Systems, routines, pouches, compartments. When I get home at night there’s “my spot,” a place on our couch already equipped with a pillow, my quilt, a glass of water, the various remotes, a rotating tray table, and a nightstand filled with more trays and systems to accommodate my night pills, my jewelry, extra pills and a biohazard disposal, napkins and scissors and pens and tissues. Things I might need within easy reach to avoid getting up when my body hurts too much to move.
I’m thankful I have these things. I’m even more thankful for a husband and mom and friends and medical professionals who help me navigate this health journey I’m on.

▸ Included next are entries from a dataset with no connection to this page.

(* With $\mathbf B$ as below, for $A>0$ and $\varepsilon>0$ define $\psi^A_\varepsilon=\exp(-A\mathbf 1_{\mathbf B^c}/\varepsilon^2)$ on $[0,T]\times\overline{\mathcal O}$, $u^A_\varepsilon(t,x)=\inf_{\theta\in\mathcal T_t}E[\psi^A_\varepsilon(\theta,X^{t,x,\varepsilon}_\theta)]$, $v^A_\varepsilon=-\varepsilon^2\ln u^A_\varepsilon$, $u_\varepsilon(t,x)=P[\sup_{s\in[t,T]}|X^{t,x,\varepsilon}_s-g_0(s)|<r]$ and $v_\varepsilon=-\varepsilon^2\ln u_\varepsilon$ (with $-\ln0=+\infty$). Then for all $A>0$ and all $(t,x)\in[0,T]\times\overline{\mathcal O}$, $$\limsup_{\varepsilon\to0}v^A_\varepsilon(t,x)=A\wedge\limsup_{\varepsilon\to0}v_\varepsilon(t,x).$$
   Context: Setting: $\mathcal O\subset\mathbb R^d$ bounded open of class $W^{2,\infty}$; $\gamma$ Lipschitz with $\gamma\cdot n\ge c_0>0$ on $\partial\mathcal O$; $b_\varepsilon,\sigma_\varepsilon$ continuous, Lipschitz in space uniformly in time. $X^{t,x,\varepsilon}$ is the strong solution on $[t,T]$ of the reflected SDE $dX_s=b_\varepsilon(s,X_s)ds+\varepsilon\sigma_\varepsilon(s,X_s)dW_s-dk_s$, $X_s\in\overline{\mathcal O}$, $k_s=\int_t^s1_{\partial\mathcal O}(X_u)\gamma(X_u)d|k|_u$, $X_t=x$. $\mathcal T_t$: stopping times with values in $[t,T]$. Fix $g_0\in C([0,T];\overline{\mathcal O})$, $r>0$ and $\mathbf B=\{(s,y)\in[0,T]\times\overline{\mathcal O}:|y-g_0(s)|<r\}$, $\mathbf B^c$ its complement in $[0,T]\times\overline{\mathcal O}$. *)

theory Defs
  imports "HOL-Probability.Probability"
begin

text \<open>Bounded open domain of class W^{2,infinity}: near each boundary point it is the strict
  sublevel set of a function with nonvanishing, Lipschitz gradient (W^{2,infinity} on a ball
  is the same as C^1 with Lipschitz gradient).\<close>
definition W2inf_domain :: "(real^'n) set \<Rightarrow> bool" where
  "W2inf_domain Om \<longleftrightarrow> open Om \<and> bounded Om \<and>
     (\<forall>z\<in>frontier Om. \<exists>\<delta>>0. \<exists>\<rho> D L.
        (\<forall>y\<in>ball z \<delta>. (\<rho> has_derivative (\<lambda>h. D y \<bullet> h)) (at y)) \<and>
        L-lipschitz_on (ball z \<delta>) D \<and> (\<forall>y\<in>ball z \<delta>. D y \<noteq> 0) \<and>
        Om \<inter> ball z \<delta> = {y\<in>ball z \<delta>. \<rho> y < 0})"

definition unit_outward_normal :: "(real^'n) set \<Rightarrow> real^'n \<Rightarrow> real^'n \<Rightarrow> bool" where
  "unit_outward_normal Om y \<nu> \<longleftrightarrow> y \<in> frontier Om \<and>
     (\<exists>\<delta>>0. \<exists>\<rho> D.
        (\<forall>w\<in>ball y \<delta>. (\<rho> has_derivative (\<lambda>h. D w \<bullet> h)) (at w)) \<and>
        continuous_on (ball y \<delta>) D \<and> D y \<noteq> 0 \<and>
        Om \<inter> ball y \<delta> = {w\<in>ball y \<delta>. \<rho> w < 0} \<and> \<nu> = D y /\<^sub>R norm (D y))"

definition variation_sums :: "(real \<Rightarrow> 'v::real_normed_vector) \<Rightarrow> real \<Rightarrow> real \<Rightarrow> real set" where
  "variation_sums f a c =
     {(\<Sum>i<n. norm (f (p (Suc i)) - f (p i))) | p n. p 0 = a \<and> p n = c \<and> (\<forall>i<n. p i \<le> p (Suc i))}"

definition variation_on :: "(real \<Rightarrow> 'v::real_normed_vector) \<Rightarrow> real \<Rightarrow> real \<Rightarrow> real" where
  "variation_on f a c = Sup (variation_sums f a c)"

definition bounded_variation :: "(real \<Rightarrow> 'v::real_normed_vector) \<Rightarrow> real \<Rightarrow> real \<Rightarrow> bool" where
  "bounded_variation f a c \<longleftrightarrow> bdd_above (variation_sums f a c)"

definition brownian_motion ::
  "'a measure \<Rightarrow> (real \<Rightarrow> 'a measure) \<Rightarrow> ('a \<Rightarrow> real \<Rightarrow> real^'m) \<Rightarrow> bool" where
  "brownian_motion M F W \<longleftrightarrow>
     (\<forall>\<omega>\<in>space M. W \<omega> 0 = 0 \<and> continuous_on {0..} (W \<omega>)) \<and>
     (\<forall>s\<ge>0. (\<lambda>\<omega>. W \<omega> s) \<in> borel_measurable (F s)) \<and>
     (\<forall>s u. 0 \<le> s \<and> s < u \<longrightarrow>
        prob_space.indep_vars M (\<lambda>_. borel) (\<lambda>i \<omega>. (W \<omega> u - W \<omega> s) $ i) UNIV \<and>
        (\<forall>i. distributed M lborel (\<lambda>\<omega>. (W \<omega> u - W \<omega> s) $ i) (normal_density 0 (sqrt (u - s)))) \<and>
        (\<forall>A\<in>sets (F s). \<forall>C\<in>sets borel.
           measure M (A \<inter> {\<omega>\<in>space M. W \<omega> u - W \<omega> s \<in> C}) =
           measure M A * measure M {\<omega>\<in>space M. W \<omega> u - W \<omega> s \<in> C}))"

text \<open>I is the Ito integral of the continuous adapted integrand H against W on [t,T]:
  for each s in [t,T], I s is the limit in probability of the left-point Riemann sums over
  uniform partitions of [t,s].\<close>
definition ito_integral ::
  "'a measure \<Rightarrow> ('a \<Rightarrow> real \<Rightarrow> real^'m) \<Rightarrow> (real \<Rightarrow> 'a \<Rightarrow> real^'m^'n) \<Rightarrow> real \<Rightarrow> real
     \<Rightarrow> ('a \<Rightarrow> real \<Rightarrow> real^'n) \<Rightarrow> bool" where
  "ito_integral M W H t T I \<longleftrightarrow>
     (\<forall>s\<in>{t..T}. \<forall>\<delta>>0.
        (\<lambda>n. measure M {\<omega>\<in>space M.
            norm ((\<Sum>j<n. H (t + real j * (s - t) / real n) \<omega> *v
                   (W \<omega> (t + real (Suc j) * (s - t) / real n) - W \<omega> (t + real j * (s - t) / real n)))
                  - I \<omega> s) > \<delta>}) \<longlonglongrightarrow> 0)"

text \<open>X is a strong solution on [t,T] of
  dX = b(s,X) ds + eps sigma(s,X) dW - dk, X in closure Om, k = int 1_{boundary Om}(X) gamma(X) d|k|, X_t = x.\<close>
definition reflected_sde_solution ::
  "'a measure \<Rightarrow> (real \<Rightarrow> 'a measure) \<Rightarrow> ('a \<Rightarrow> real \<Rightarrow> real^'m) \<Rightarrow> (real^'n) set
   \<Rightarrow> (real^'n \<Rightarrow> real^'n) \<Rightarrow> (real \<Rightarrow> real^'n \<Rightarrow> real^'n) \<Rightarrow> (real \<Rightarrow> real^'n \<Rightarrow> real^'m^'n)
   \<Rightarrow> real \<Rightarrow> real \<Rightarrow> real \<Rightarrow> real^'n \<Rightarrow> ('a \<Rightarrow> real \<Rightarrow> real^'n) \<Rightarrow> bool" where
  "reflected_sde_solution M F W Om \<gamma> b \<sigma> \<epsilon> t T x X \<longleftrightarrow>
     (\<forall>s\<in>{t..T}. (\<lambda>\<omega>. X \<omega> s) \<in> borel_measurable (F s)) \<and>
     (\<forall>\<omega>\<in>space M. continuous_on {t..T} (X \<omega>) \<and> X \<omega> t = x \<and> (\<forall>s\<in>{t..T}. X \<omega> s \<in> closure Om)) \<and>
     (\<exists>k I.
        (\<forall>s\<in>{t..T}. (\<lambda>\<omega>. k \<omega> s) \<in> borel_measurable (F s)) \<and>
        (\<forall>\<omega>\<in>space M. continuous_on {t..T} (k \<omega>) \<and> k \<omega> t = 0 \<and> bounded_variation (k \<omega>) t T) \<and>
        (AE \<omega> in M. \<forall>s\<in>{t..T}.
           k \<omega> s = integral\<^sup>L (interval_measure (\<lambda>u. variation_on (k \<omega>) t (min T (max t u))))
                      (\<lambda>u. indicator {t<..s} u *\<^sub>R (indicator (frontier Om) (X \<omega> u) *\<^sub>R \<gamma> (X \<omega> u)))) \<and>
        ito_integral M W (\<lambda>u \<omega>. \<sigma> u (X \<omega> u)) t T I \<and>
        (AE \<omega> in M. \<forall>s\<in>{t..T}.
           X \<omega> s = x + integral {t..s} (\<lambda>u. b u (X \<omega> u)) + \<epsilon> *\<^sub>R I \<omega> s - k \<omega> s))"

What I’m not thankful for is the burping. Lately, I’ve been having these awful sulphur burps. This very unladylike belches that erupt without warning and leave an ungodly taste and smell of rotten eggs in my mouth. They are not attractive. They are not welcome. And quite frankly, they are another side effect that I could seriously do without.
Tomorrow, we go back to Duke to discuss my upcoming surgery. My official diagnosis is low grade papillary urothelial carcinomas. They were found throughout my left kidney and ureter and so the doctor wants to remove both. This is important, and this is scary. We have a lot of questions and things to discuss. I’d be a lot more scared about what is happening if I had time to think about it.
But instead, I’m just burping. Hmmm. Maybe I am thankful for them after all.